■ **Task to complete**: All lines from the one that contains "M / M) = real" through the final line of the entries must be repeated exactly. No other lines belong in the output.

··· Listed entries ···

lemma trace_Vtilde:
  "trace (Vtilde n p res g) = 4 / (real n)\<^sup>2 * (\<Sum>i=1..n. (1 - p i) / p i * (res i)\<^sup>2 * (g i \<bullet> g i))"
proof -
  have "trace (Vtilde n p res g)
      = 4 / (real n)\<^sup>2 * (\<Sum>a\<in>UNIV. \<Sum>i=1..n. (1 - p i) / p i * (res i)\<^sup>2 * (g i $ a * g i $ a))"
    by (simp add: Vtilde_def trace_def outer_def sum_distrib_left)
  also have "\<dots> = 4 / (real n)\<^sup>2 * (\<Sum>i=1..n. (1 - p i) / p i * (res i)\<^sup>2 * (\<Sum>a\<in>UNIV. g i $ a * g i $ a))"
    by (subst sum.swap) (simp add: sum_distrib_left)
  finally show ?thesis by (simp add: inner_vec_def)
qed

theorem theorem3:
  fixes n r :: nat
    and x :: "nat \<Rightarrow> real^'d"
    and yp :: "nat \<Rightarrow> real"
    and ys :: "real^'d \<Rightarrow> real^'q \<Rightarrow> real"
    and \<Theta> :: "(real^'q) set"
    and \<theta>hat :: "real^'q"
    and g :: "nat \<Rightarrow> real^'q"
    and \<Omega> :: "(real^'d) set"
  assumes x_in: "\<forall>i\<in>{1..n}. x i \<in> \<Omega>"
    and diff: "\<forall>i\<in>{1..n}. \<forall>\<theta>\<in>\<Theta>. ys (x i) differentiable (at \<theta>)"
    and theta_in: "\<theta>hat \<in> \<Theta>"
    and theta_min: "\<forall>\<theta>\<in>\<Theta>. (1 / real n) * (\<Sum>i=1..n. (yp i - ys (x i) \<theta>hat)^2)
                        \<le> (1 / real n) * (\<Sum>i=1..n. (yp i - ys (x i) \<theta>)^2)"
    and grad: "\<forall>i\<in>{1..n}. (ys (x i) has_derivative (\<lambda>v. g i \<bullet> v)) (at \<theta>hat)"
    and r_range: "1 \<le> r" "r \<le> n - 1"
    and pos: "ordstat n (\<lambda>i. \<bar>yp i - ys (x i) \<theta>hat\<bar> * sqrt (g i \<bullet> g i)) (n - r) > 0"
  shows "let h = (\<lambda>i. \<bar>yp i - ys (x i) \<theta>hat\<bar> * sqrt (g i \<bullet> g i));
             res = (\<lambda>i. yp i - ys (x i) \<theta>hat);
             p\<^sub>o = pi_mVc n r h
         in (\<Sum>i=1..n. p\<^sub>o i) = real r
          \<and> (\<forall>i\<in>{1..n}. 0 \<le> p\<^sub>o i \<and> p\<^sub>o i \<le> 1 \<and> (h i > 0 \<longrightarrow> p\<^sub>o i > 0))
          \<and> (\<forall>p :: nat \<Rightarrow> real. (\<Sum>i=1..n. p i) = real r \<and> (\<forall>i\<in>{1..n}. 0 < p i \<and> p i \<le> 1)
               \<longrightarrow> trace (Vtilde n p\<^sub>o res g) \<le> trace (Vtilde n p res g))"
proof -
  define h where "h = (\<lambda>i. \<bar>yp i - ys (x i) \<theta>hat\<bar> * sqrt (g i \<bullet> g i))"
  define res where "res = (\<lambda>i. yp i - ys (x i) \<theta>hat)"
  define M where "M = Mthr n r h"
  have h_nonneg: "\<And>i. 0 \<le> h i" by (simp add: h_def)
  have M_pos: "0 < M" and sum_min: "(\<Sum>j=1..n. min (h j) M) = real r * M"
    using Mthr_pos_and_sum_min[OF h_nonneg r_range pos[folded h_def]] by (auto simp: M_def)
  have pi_eq: "pi_mVc n r h = (\<lambda>i. min (h i) M / M)"
    unfolding pi_mVc_def M_def[symmetric] sum_min using r_range M_pos by simp
  have sum_pi: "(\<Sum>i=1..n. min (h i) M / M) = real r"
    using sum_min M_pos by (simp add: sum_divide_distrib[symmetric])
  have trace_eq: "trace (Vtilde n p res g) = 4 / (real n)\<^sup>2 * (\<Sum>i=1..n. (1 - p i) / p i * (h i)\<^sup>2)"
    for p by (simp add: trace_Vtilde h_def res_def power_mult_distrib mult.assoc)
  have optimal: "trace (Vtilde n (\<lambda>i. min (h i) M / M) res g) \<le> trace (Vtilde n p res g)"
    if "(\<Sum>i=1..n. p i) = real r" "\<forall>i\<in>{1..n}. 0 < p i \<and> p i \<le> 1" for p
    unfolding trace_eq using truncated_probabilities_optimal[OF h_nonneg M_pos] that sum_pi
    by (intro mult_left_mono) simp_all
  show ?thesis
    unfolding Let_def h_def[symmetric] res_def[symmetric] pi_eq
    using sum_pi M_pos h_nonneg optimal by auto
qed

···

■ **Task result**:
  have sum_pi: "(\<Sum>i=1..n. min (h i) M / M) = real r"
    using sum_min M_pos by (simp add: sum_divide_distrib[symmetric])
  have trace_eq: "trace (Vtilde n p res g) = 4 / (real n)\<^sup>2 * (\<Sum>i=1..n. (1 - p i) / p i * (h i)\<^sup>2)"
    for p by (simp add: trace_Vtilde h_def res_def power_mult_distrib mult.assoc)
  have optimal: "trace (Vtilde n (\<lambda>i. min (h i) M / M) res g) \<le> trace (Vtilde n p res g)"
    if "(\<Sum>i=1..n. p i) = real r" "\<forall>i\<in>{1..n}. 0 < p i \<and> p i \<le> 1" for p
    unfolding trace_eq using truncated_probabilities_optimal[OF h_nonneg M_pos] that sum_pi
    by (intro mult_left_mono) simp_all
  show ?thesis
    unfolding Let_def h_def[symmetric] res_def[symmetric] pi_eq
    using sum_pi M_pos h_nonneg optimal by auto
qed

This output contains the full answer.